Maximising deductions for SBE taxpayers
Deductions can be maximised for SBE taxpayers by accelerating expenditure and/or prepaying deductible business expenses (and also by accruing expenditure - refer above).
Accelerating depreciation expenditure (for SBE taxpayers)
In addition to accelerating expenditure on various usiness items, SBE taxpayers that use the simplified SBE depreciation rules may claim the following 2021 deductions (if applicable) in relation to depreciating assets:
A full deduction for the cost of eligible assets (i.e., regardless of cost) first acquired and first used (or installed ready for use) for business purposes from 7:30pm (AEDT) on 6 October 2020 to 30 June 2021.

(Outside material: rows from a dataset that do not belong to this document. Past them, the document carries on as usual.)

lemma energy_bound_diagonal:
  fixes \<mu> h :: "nat \<Rightarrow> complex" and z \<xi> :: "nat \<Rightarrow> complex vec"
  assumes z: "\<And>t. z t \<in> carrier_vec q" and \<xi>: "\<And>t. \<xi> t \<in> carrier_vec q" and z0: "z 0 = 0\<^sub>v q"
    and z_Suc: "\<And>t l. t < N \<Longrightarrow> l < q \<Longrightarrow> z (Suc t) $ l = \<mu> l * z t $ l + h l * \<xi> t $ l"
  shows "(\<Sum>t\<le>N. vnorm_sq (z t))
    \<le> (Max ((\<lambda>l. cmod (h l) * (\<Sum>k<N. cmod (\<mu> l) ^ k)) ` {..<q}))^2 * (\<Sum>t<N. vnorm_sq (\<xi> t))"
proof -
  define M where "M = Max ((\<lambda>l. cmod (h l) * (\<Sum>k<N. cmod (\<mu> l) ^ k)) ` {..<q})"
  have "(\<Sum>t\<le>N. (cmod (z t $ l))^2) \<le> M^2 * (\<Sum>t<N. (cmod (\<xi> t $ l))^2)" if l: "l < q" for l
  proof -
    have "(\<Sum>t\<le>N. (cmod (z t $ l))^2)
        \<le> (cmod (h l) * (\<Sum>k<N. cmod (\<mu> l)^k))^2 * (\<Sum>t<N. (cmod (\<xi> t $ l))^2)"
      using l z0 z_Suc by (intro energy_bound_scalar) simp_all
    also have "\<dots> \<le> M^2 * (\<Sum>t<N. (cmod (\<xi> t $ l))^2)"
      unfolding M_def using l by (intro mult_right_mono power_mono Max_ge) (auto simp: sum_nonneg)
    finally show ?thesis .
  qed
  then have "(\<Sum>l<q. \<Sum>t\<le>N. (cmod (z t $ l))^2) \<le> (\<Sum>l<q. M^2 * (\<Sum>t<N. (cmod (\<xi> t $ l))^2))"
    by (intro sum_mono) auto
  then show ?thesis
    unfolding M_def[symmetric] using z \<xi> by (simp add: sum_vnorm_sq_swap[of _ _ q] sum_distrib_left)
qed

lemma energy_bound_diagonalisable:
  fixes P H U Ui :: "complex mat" and \<mu> h :: "nat \<Rightarrow> complex" and y x :: "nat \<Rightarrow> complex vec"
  assumes U: "U \<in> carrier_mat q q" and Ui: "Ui \<in> carrier_mat q q" and U_Ui: "U * Ui = 1\<^sub>m q"
    and P: "P \<in> carrier_mat q q" and H: "H \<in> carrier_mat q q"
    and P_diag: "Ui * P * U = mat_diag q \<mu>" and H_diag: "Ui * H * U = mat_diag q h"
    and y: "\<And>t. y t \<in> carrier_vec q" and x: "\<And>t. x t \<in> carrier_vec q"
    and y0: "y 0 = 0\<^sub>v q" and y_Suc: "\<And>t. t < N \<Longrightarrow> y (Suc t) = P *\<^sub>v y t + H *\<^sub>v x t"
  shows "(\<Sum>t\<le>N. vnorm_sq (y t)) \<le> (spec_norm U * spec_norm Ui
      * Max ((\<lambda>l. cmod (h l) * (\<Sum>k<N. cmod (\<mu> l) ^ k)) ` {..<q}))^2 * (\<Sum>t<N. vnorm_sq (x t))"
proof -
  define M where "M = Max ((\<lambda>l. cmod (h l) * (\<Sum>k<N. cmod (\<mu> l) ^ k)) ` {..<q})"
  define z where "z t = Ui *\<^sub>v y t" for t
  define \<xi> where "\<xi> t = Ui *\<^sub>v x t" for t
  have z: "z t \<in> carrier_vec q" and \<xi>: "\<xi> t \<in> carrier_vec q" for t
    unfolding z_def \<xi>_def using Ui x y by auto
  have U_inverse: "U *\<^sub>v (Ui *\<^sub>v v) = v" if "v \<in> carrier_vec q" for v
    using that U Ui by (simp add: U_Ui flip: assoc_mult_mat_vec)
  have "z (Suc t) $ l = \<mu> l * z t $ l + h l * \<xi> t $ l" if "t < N" "l < q" for t l
  proof -
    have "z (Suc t) = Ui *\<^sub>v (P *\<^sub>v (U *\<^sub>v z t)) + Ui *\<^sub>v (H *\<^sub>v (U *\<^sub>v \<xi> t))"
      unfolding z_def \<xi>_def using y_Suc[OF that(1)] U_inverse x y Ui P H
      by (simp add: mult_add_distrib_mat_vec)
    then show ?thesis
      using that z \<xi> P H U Ui
      by (simp add: similar_mult_vec P_diag H_diag mat_diag_mult_vec_index del: index_mult_mat_vec)
  qed
  then have z_energy: "(\<Sum>t\<le>N. vnorm_sq (z t)) \<le> M^2 * (\<Sum>t<N. vnorm_sq (\<xi> t))"
    unfolding M_def using z \<xi> by (intro energy_bound_diagonal) (simp_all add: z_def y0 Ui)
  have "y t = U *\<^sub>v z t" for t
    unfolding z_def using U_inverse y by simp
  then have "(\<Sum>t\<le>N. vnorm_sq (y t)) \<le> (spec_norm U)^2 * (\<Sum>t\<le>N. vnorm_sq (z t))"
    using U z vnorm_sq_mult_le_spec_norm[of "z _" U] by (simp add: sum_distrib_left sum_mono)
  also have "\<dots> \<le> (spec_norm U)^2 * (M^2 * (\<Sum>t<N. vnorm_sq (\<xi> t)))"
    using z_energy by (intro mult_left_mono) simp_all
  also have "\<dots> \<le> (spec_norm U)^2 * (M^2 * ((spec_norm Ui)^2 * (\<Sum>t<N. vnorm_sq (x t))))"
    using Ui x vnorm_sq_mult_le_spec_norm[of "x _" Ui]
    by (intro mult_left_mono) (simp_all add: \<xi>_def sum_distrib_left sum_mono)
  finally show ?thesis
    unfolding M_def by (simp add: power_mult_distrib mult_ac)
qed

section \<open>Block bidiagonal time-stepping matrices\<close>

lemma block_bidiag_carrier [simp]:
  "G \<in> carrier_mat d d \<Longrightarrow> block_bidiag NT G \<in> carrier_mat ((NT+1)*d) ((NT+1)*d)"
  unfolding block_bidiag_def Let_def by simp

lemma dim_row_block_bidiag [simp]: "dim_row (block_bidiag NT G) = (NT+1) * dim_row G"
  and dim_col_block_bidiag [simp]: "dim_col (block_bidiag NT G) = (NT+1) * dim_row G"
  unfolding block_bidiag_def Let_def by simp_all

lemma block_bidiag_index:
  assumes G: "G \<in> carrier_mat d d" and "s \<le> NT" "r < d" "s' \<le> NT" "r' < d"
  shows "block_bidiag NT G $$ (s*d + r, s'*d + r') =
    (if s = s' then (if r = r' then 1 else 0) else if s = Suc s' then - G $$ (r, r') else 0)"
  using assms block_index_less[of s "NT+1" r d] block_index_less[of s' "NT+1" r' d]
  by (simp add: block_bidiag_def Let_def add.assoc)

lemma block_bidiag_mult_vec:
  assumes G: "G \<in> carrier_mat d d" and v: "v \<in> carrier_vec ((NT+1)*d)" and t: "t \<le> NT"
  shows "vec_block d (block_bidiag NT G *\<^sub>v v) t =
    (if t = 0 then vec_block d v 0 else vec_block d v t - G *\<^sub>v vec_block d v (t - 1))"
    (is "?lhs = ?rhs")
proof (rule eq_vecI)
  fix r assume "r < dim_vec ?rhs"
  then have r: "r < d"
    using G by (simp split: if_splits)
  have idx: "s*d + r' < (NT+1)*d" if "s < NT+1" "r' < d" for s r'
    using block_index_less[OF that] .
  have "?lhs $ r = (\<Sum>j<(NT+1)*d. block_bidiag NT G $$ (t*d + r, j) * v $ j)"
    using G v r t idx[of t r] by (simp add: scalar_prod_def atLeast0LessThan)
  also have "\<dots> = (\<Sum>s<NT+1. \<Sum>r'<d. block_bidiag NT G $$ (t*d + r, s*d + r') * v $ (s*d + r'))"
    by (rule sum_lessThan_mult_blocks)
  also have "\<dots> = (\<Sum>s<NT+1. (if s = t then v $ (t*d + r) else 0)
      - (if Suc s = t then \<Sum>r'<d. G $$ (r, r') * v $ (s*d + r') else 0))"
    using G r t by (intro sum.cong refl)
      (auto simp: block_bidiag_index sum_negf if_distrib[of "\<lambda>x. x * _"] cong: if_cong)
  also have "\<dots> = ?rhs $ r"
    using G r t
    by (cases t) (auto simp: sum_subtractf mult_mat_vec_def scalar_prod_def atLeast0LessThan)
  finally show "?lhs $ r = ?rhs $ r" .
qed (use G in simp)

lemma block_bidiag_inverse:
  assumes G: "G \<in> carrier_mat d d"
  shows "minv (block_bidiag NT G) \<in> carrier_mat ((NT+1)*d) ((NT+1)*d)"
    and "block_bidiag NT G * minv (block_bidiag NT G) = 1\<^sub>m ((NT+1)*d)"
proof -
  let ?n = "(NT+1)*d" and ?A = "block_bidiag NT G"
  have A: "?A \<in> carrier_mat ?n ?n"
    by (rule block_bidiag_carrier[OF G])
  have upper_zero: "?A $$ (i,j) = 0" if "i < j" "j < ?n" for i j
  proof -
    have "i < d*(NT+1)" "j < d*(NT+1)"
      using that by (simp_all add: mult.commute)
    then obtain s r s' r'
      where ij: "s < NT+1" "r < d" "i = s*d + r" "s' < NT+1" "r' < d" "j = s'*d + r'"
      by (elim less_mult_blockE)
    have "i div d \<le> j div d"
      using that(1) by (simp add: div_le_mono)
    then have "s \<le> s'"
      using ij by simp
    then show ?thesis
      using ij that(1) G by (auto simp: block_bidiag_index)
  qed
  have "det ?A = prod_list (diag_mat ?A)"
    using A upper_zero by (intro det_lower_triangular) auto
  also have "diag_mat ?A = map (\<lambda>i. 1) [0..<?n]"
    unfolding diag_mat_def using A by (intro map_cong)
      (auto simp: block_bidiag_def Let_def carrier_matD[OF G])
  finally have "det ?A \<noteq> 0"
    by (simp add: map_replicate_const)
  then obtain B where B: "B \<in> carrier_mat ?n ?n" "?A * B = 1\<^sub>m ?n" "B * ?A = 1\<^sub>m ?n"
    using det_non_zero_imp_unit[OF A] unfolding Units_def ring_mat_def by auto
  then show "minv ?A \<in> carrier_mat ?n ?n" "?A * minv ?A = 1\<^sub>m ?n"
    using minv_eq[OF A B] by simp_all
qed

lemma coarse_error_recursion:
  assumes G: "G \<in> carrier_mat d d" and K: "K \<in> carrier_mat d d" and v: "v \<in> carrier_vec ((NT+1)*d)"
  defines "e \<equiv> (1\<^sub>m ((NT+1)*d) - minv (block_bidiag NT G) * block_bidiag NT K) *\<^sub>v v"
  shows "vec_block d e 0 = 0\<^sub>v d"
    and "t < NT \<Longrightarrow> vec_block d e (Suc t) = G *\<^sub>v vec_block d e t + (K - G) *\<^sub>v vec_block d v t"
proof -
  let ?n = "(NT+1)*d" and ?Ac = "block_bidiag NT G" and ?AS = "block_bidiag NT K"
  have Ac: "?Ac \<in> carrier_mat ?n ?n" and AS: "?AS \<in> carrier_mat ?n ?n"
    by (rule block_bidiag_carrier[OF G], rule block_bidiag_carrier[OF K])
  note inv = block_bidiag_inverse[OF G, of NT]
  have e_eq: "e = v - minv ?Ac *\<^sub>v (?AS *\<^sub>v v)"
    unfolding e_def minus_mult_distrib_mat_vec[OF one_carrier_mat mult_carrier_mat[OF inv(1) AS] v]
      assoc_mult_mat_vec[OF inv(1) AS v]
    using v by simp
  have e: "e \<in> carrier_vec ?n"
    unfolding e_eq using v AS inv(1) by simp
  have Ac_e: "?Ac *\<^sub>v e = ?Ac *\<^sub>v v - ?AS *\<^sub>v v"
    unfolding e_eq using v Ac AS inv
    by (simp add: mult_minus_distrib_mat_vec assoc_mult_mat_vec[of ?Ac ?n ?n _ ?n, symmetric])
  have blocks: "vec_block d (?Ac *\<^sub>v e) s = vec_block d (?Ac *\<^sub>v v) s - vec_block d (?AS *\<^sub>v v) s"
    if "s \<le> NT" for s
    unfolding Ac_e using that Ac AS v by (intro vec_block_minus[of _ "NT+1"]) auto
  show "vec_block d e 0 = 0\<^sub>v d"
    using blocks[of 0] G K e v by (simp add: block_bidiag_mult_vec)
  assume t: "t < NT"
  from blocks[of "Suc t"] t G K e v
  have shifted: "vec_block d e (Suc t) - G *\<^sub>v vec_block d e t
      = (vec_block d v (Suc t) - G *\<^sub>v vec_block d v t)
        - (vec_block d v (Suc t) - K *\<^sub>v vec_block d v t)"
    by (simp add: block_bidiag_mult_vec)
  show "vec_block d e (Suc t) = G *\<^sub>v vec_block d e t + (K - G) *\<^sub>v vec_block d v t"
  proof (rule eq_vecI)
    fix r assume "r < dim_vec (G *\<^sub>v vec_block d e t + (K - G) *\<^sub>v vec_block d v t)"
    then have r: "r < d"
      using G by simp
    then show "vec_block d e (Suc t) $ r = (G *\<^sub>v vec_block d e t + (K - G) *\<^sub>v vec_block d v t) $ r"
      using arg_cong[OF shifted, of "\<lambda>u. u $ r"] G K
      by (simp add: minus_mult_distrib_mat_vec[of K d d G] del: index_mult_mat_vec)
        (simp add: diff_eq_eq add.commute)
  qed (use G in simp)
qed

lemma relaxation_shift:
  assumes K: "K \<in> carrier_mat d d" and v: "v \<in> carrier_vec ((NT+1)*d)"
  defines "u \<equiv> (1\<^sub>m ((NT+1)*d) - block_bidiag NT K) *\<^sub>v v"
  shows "vec_block d u 0 = 0\<^sub>v d"
    and "t < NT \<Longrightarrow> vec_block d u (Suc t) = K *\<^sub>v vec_block d v t"
proof -
  let ?n = "(NT+1)*d" and ?AS = "block_bidiag NT K"
  have AS: "?AS \<in> carrier_mat ?n ?n"
    by (rule block_bidiag_carrier[OF K])
  have blocks: "vec_block d u s = vec_block d v s - vec_block d (?AS *\<^sub>v v) s" if "s \<le> NT" for s
  proof -
    have "u = v - ?AS *\<^sub>v v"
      unfolding u_def minus_mult_distrib_mat_vec[OF one_carrier_mat AS v] using v by simp
    then show ?thesis
      using that v AS by (simp only:) (rule vec_block_minus[of _ "NT+1"], auto)
  qed
  show "vec_block d u 0 = 0\<^sub>v d"
    using blocks[of 0] K v by (simp add: block_bidiag_mult_vec)
  show "vec_block d u (Suc t) = K *\<^sub>v vec_block d v t" if "t < NT"
    using blocks[of "Suc t"] that K v by (intro eq_vecI) (auto simp: block_bidiag_mult_vec)
qed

Note that, SBE taxpayers choosing to use the simplified SBE depreciation regime cannot directly opt out of temporary full expensing (i.e., if it applies).
Where temporary full expensing does not apply:
An SBE taxpayer may be entitled to claim an immediate deduction for eligible depreciating assets costing less than $150,000 that were first used or (installed ready for use) for business purposes by 30 June 2021
Alternatively, assets costing $150,000 or more are allocated to an SBE taxpayer's general small business pool.

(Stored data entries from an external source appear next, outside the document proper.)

lemma no_hit_bound_le_powr:
  assumes "2 \<le> N" "h * ln (real N) \<le> real L"
  shows "(1 - (1 / real N - 1 / real N ^ 3)) ^ (N * L) \<le> real N powr (- h / 2)"
proof -
  define a where "a = 1 / real N - 1 / real N ^ 3"
  have N: "2 \<le> real N" using assms(1) by simp
  have "a * real N = 1 - 1 / real N ^ 2"
    unfolding a_def using N by (simp add: field_simps power2_eq_square power3_eq_cube)
  moreover have "1 / real N ^ 2 \<le> 1 / 2"
    using N power_mono[OF N, of 2] by (simp add: divide_simps)
  ultimately have aN: "1 / 2 \<le> a * real N" by simp
  have "(1 - a) ^ (N * L) \<le> exp (- a) ^ (N * L)"
  proof (rule power_mono)
    have "0 \<le> a * real N" using aN by simp
    then have "0 \<le> a" using N by (simp add: zero_le_mult_iff)
    moreover have "a \<le> 1 / real N" unfolding a_def by simp
    moreover have "1 / real N \<le> 1" using N by simp
    ultimately show "0 \<le> 1 - a" by linarith
  qed (rule exp_ge_add_one_self[of "- a", simplified])
  also have "\<dots> = exp (- (a * real N) * real L)" by (simp add: exp_of_nat_mult[symmetric] ac_simps)
  also have "\<dots> \<le> exp (- (h / 2) * ln (real N))"
    using aN assms(2) mult_right_mono[OF aN, of "real L"] by simp
  also have "\<dots> = real N powr (- h / 2)" using N by (simp add: powr_def)
  finally show ?thesis unfolding a_def .
qed

text \<open>For \<open>N = 1\<close> no token is emitted (\<open>h ln 1 = 0\<close>), so the agent ends with no adoption.\<close>
definition adoption_error :: "real \<Rightarrow> nat \<Rightarrow> real" where
  "adoption_error h N =
     (if N < 2 then 1
      else (1 / real N + 1 / real N ^ 3) / (1 / real N - 1 / real N ^ 3) * (1 + 2 / real N ^ 3) - 1
           + real N powr (- h / 2))"

lemma adoption_error_tendsto_zero:
  assumes "0 < h"
  shows "adoption_error h \<longlonglongrightarrow> 0"
proof -
  have "((\<lambda>x::real. (1 / x + 1 / x ^ 3) / (1 / x - 1 / x ^ 3) * (1 + 2 / x ^ 3) - 1 + x powr (- h / 2))
          \<longlongrightarrow> 0) at_top"
    using assms by real_asymp
  then have "(\<lambda>N. (1 / real N + 1 / real N ^ 3) / (1 / real N - 1 / real N ^ 3) * (1 + 2 / real N ^ 3) - 1
                 + real N powr (- h / 2)) \<longlonglongrightarrow> 0"
    by (rule filterlim_compose[OF _ filterlim_real_sequentially])
  moreover have "eventually (\<lambda>N. (1 / real N + 1 / real N ^ 3) / (1 / real N - 1 / real N ^ 3) *
                   (1 + 2 / real N ^ 3) - 1 + real N powr (- h / 2) = adoption_error h N) sequentially"
    using eventually_ge_at_top[of 2] by eventually_elim (simp add: adoption_error_def)
  ultimately show ?thesis by (rule Lim_transform_eventually)
qed

lemma prob_adopt_error_le:
  assumes "0 < h" "i < N"
    and "\<And>j b. j < N * tok_per_agent h N \<Longrightarrow> b < N \<Longrightarrow>
           1 / real N - 1 / real N ^ 3 \<le> p j b \<and> p j b \<le> 1 / real N + 1 / real N ^ 3"
    and "\<And>j. j < N * tok_per_agent h N \<Longrightarrow> (\<Sum>b<N. p j b) = 1"
  shows "\<bar>prob_adopt N (tok_per_agent h N) \<omega> p i k - Qfrac N \<omega> k\<bar>
           \<le> adoption_error h N * Qfrac N \<omega> k"
proof (cases "N < 2")
  case True
  then have "N = 1" using assms(2) by simp
  then have "tok_per_agent h N = 0" by (simp add: tok_per_agent_def)
  then show ?thesis
    using prob_adopt_relative_error[of i N 1 1 "tok_per_agent h N" p \<omega> k] assms(2) \<open>N = 1\<close>
    by (simp add: adoption_error_def)
next
  case False
  define a where "a = 1 / real N - 1 / real N ^ 3"
  define c where "c = 1 / real N + 1 / real N ^ 3"
  have N: "2 \<le> real N" using False by simp
  have "1 / real N ^ 3 < 1 / real N"
    using N power_strict_increasing[of 1 3 "real N"] by (simp add: divide_simps)
  then have "0 < a" unfolding a_def by simp
  have "1 / real N ^ 3 \<le> 1 / 2" "1 / real N \<le> 1 / 2"
    using N power_mono[OF N, of 3] by (simp_all add: divide_simps)
  then have "c \<le> 1" unfolding c_def by simp
  have "a \<le> c" unfolding a_def c_def by simp
  have "\<bar>prob_adopt N (tok_per_agent h N) \<omega> p i k - Qfrac N \<omega> k\<bar>
          \<le> (c / a * (1 + (c - a)) - 1 + (1 - a) ^ (N * tok_per_agent h N)) * Qfrac N \<omega> k"
    using \<open>0 < a\<close> \<open>a \<le> c\<close> \<open>c \<le> 1\<close> assms(2-4)[folded a_def c_def]
    by (intro prob_adopt_relative_error) (auto intro: order.trans[of 0 a])
  also have "\<dots> \<le> adoption_error h N * Qfrac N \<omega> k"
  proof (rule mult_right_mono)
    have "h * ln (real N) \<le> real (tok_per_agent h N)"
      unfolding tok_per_agent_def by linarith
    then have "(1 - a) ^ (N * tok_per_agent h N) \<le> real N powr (- h / 2)"
      unfolding a_def using False by (intro no_hit_bound_le_powr) auto
    then show "c / a * (1 + (c - a)) - 1 + (1 - a) ^ (N * tok_per_agent h N) \<le> adoption_error h N"
      using False unfolding adoption_error_def a_def c_def by simp
  qed (simp add: Qfrac_def)
  finally show ?thesis .
qed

Note that, SBE taxpayers using the simplified SBE depreciation regime cannot opt out of temporary full expensing with regards to their general pool. As a result, the closing pool balance (before current year deductions) will be fully claimed in the 2021 income year.
Therefore, if appropriate, SBE taxpayers should consider purchasing and using (or installing) these items by 30 June 2021.

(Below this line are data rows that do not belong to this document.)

lemma transvection_invariant_eq:
  assumes inv: "\<And>c a b. c \<in> carrier_vec k \<Longrightarrow> a < k \<Longrightarrow> b < k \<Longrightarrow> a \<noteq> b \<Longrightarrow>
      f (transvection a b c) = f c"
    and "c \<in> carrier_vec k" "c \<noteq> 0\<^sub>v k" "c' \<in> carrier_vec k" "c' \<noteq> 0\<^sub>v k"
  shows "f c = f c'"
proof -
  have unit: "\<exists>a<k. f x = f (unit_vec k a)" if "x \<in> carrier_vec k" "x \<noteq> 0\<^sub>v k" for x
    using inv that by (rule transvection_invariant_unit_vec)
  have units: "f (unit_vec k a) = f (unit_vec k a')" if "a < k" "a' < k" for a a'
    using inv that by (rule transvection_invariant_unit_vecs_eq)
  show ?thesis
    using unit[OF assms(2,3)] unit[OF assms(4,5)] units by metis
qed

section \<open>Phantom codes\<close>

lemma phantom_card_coset_weight_le:
  assumes code: "stabilizer_code n H" and basis: "logical_basis n H QX QZ"
    and phantom: "phantom_wrt n H QX QZ"
    and c: "c \<in> carrier_vec (num_logical n H)"
    and ab: "a < num_logical n H" "b < num_logical n H" "a \<noteq> b"
  shows "card {v \<in> coset QX H c. weight_vec n v = w}
      \<le> card {v \<in> coset QX H (transvection a b c). weight_vec n v = w}"
    and "card {v \<in> coset QZ H c. weight_vec n v = w}
      \<le> card {v \<in> coset QZ H (transvection a b c). weight_vec n v = w}"
proof -
  define k where "k = num_logical n H"
  note c = c[folded k_def] and ab = ab[folded k_def]
  have H: "dim_col H = 2 * n"
    using code unfolding stabilizer_code_def by simp
  have QX: "QX \<in> carrier_mat k (2 * n)" and QZ: "QZ \<in> carrier_mat k (2 * n)"
    using basis unfolding logical_basis_def Let_def k_def by auto
  have cnot: "\<exists>\<pi>. \<pi> permutes {..<n} \<and> implements n H QX QZ (perm_mat n \<pi>) (1\<^sub>m k + unit_mat k x y)"
    if "x < k" "y < k" "x \<noteq> y" for x y
    using phantom that unfolding phantom_wrt_def Let_def k_def by blast
  obtain \<pi> where \<pi>: "\<pi> permutes {..<n}"
    and "implements n H QX QZ (perm_mat n \<pi>) (1\<^sub>m k + unit_mat k a b)"
    using cnot ab by blast
  then have A: "1\<^sub>m k + unit_mat k a b \<in> carrier_mat k k"
    and rs_P: "rs (H * dsum (perm_mat n \<pi>)) = rs H"
    and rows: "\<forall>i<k. row (QX * dsum (perm_mat n \<pi>) - (1\<^sub>m k + unit_mat k a b) * QX) i \<in> rs H"
    unfolding implements_def Let_def k_def by auto
  show "card {v \<in> coset QX H c. weight_vec n v = w}
      \<le> card {v \<in> coset QX H (transvection a b c). weight_vec n v = w}"
    using card_coset_weight_le[OF H \<pi> QX A rs_P rows c]
    unfolding transpose_one_plus_unit_mat_mult_vec[OF ab(1,2) c] .
  obtain \<sigma> where \<sigma>: "\<sigma> permutes {..<n}"
    and "implements n H QX QZ (perm_mat n \<sigma>) (1\<^sub>m k + unit_mat k b a)"
    using cnot ab by metis
  then obtain B where A': "1\<^sub>m k + unit_mat k b a \<in> carrier_mat k k"
    and B: "B \<in> carrier_mat k k" and inverse: "(1\<^sub>m k + unit_mat k b a) * B = 1\<^sub>m k"
    and rs_S: "rs (H * dsum (perm_mat n \<sigma>)) = rs H"
    and rows: "\<forall>i<k. row (QZ * dsum (perm_mat n \<sigma>) - transpose_mat B * QZ) i \<in> rs H"
    unfolding implements_def Let_def k_def by auto
  have "B *\<^sub>v c = transvection a b c"
    using ab A' B inverse c by (rule right_inverse_one_plus_unit_mat_mult_vec)
  then show "card {v \<in> coset QZ H c. weight_vec n v = w}
      \<le> card {v \<in> coset QZ H (transvection a b c). weight_vec n v = w}"
    using card_coset_weight_le[OF H \<sigma> QZ _ rs_S rows c] B by simp
qed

Prepayment strategies – SBE
SBE taxpayers making prepayments before 1 July 2021 can choose to claim a full deduction in the year of payment where they cover a period of no more than 12 months (ending before 1 July 2022).
Otherwise, the prepayment rules are the same as for non-SBE taxpayers. The kinds of expenses that may be prepaid include:
Rent on business premises or equipment.
Lease payments on business items such as cars and office equipment.
Interest – check with your financier to determine if it’s possible to prepay up to 12 months interest in advance.
Training courses that run from 1 July 2021.
This is some of the information we will need you to bring to help us prepare your income tax return:
Stock-take details as at 30 June 2021.
Debtors listing (including a list of bad debts written off) as at 30 June 2021.
Note: In order to claim a deduction, the debt must be written off on or before 30 June.
Creditors listing as at 30 June 2021.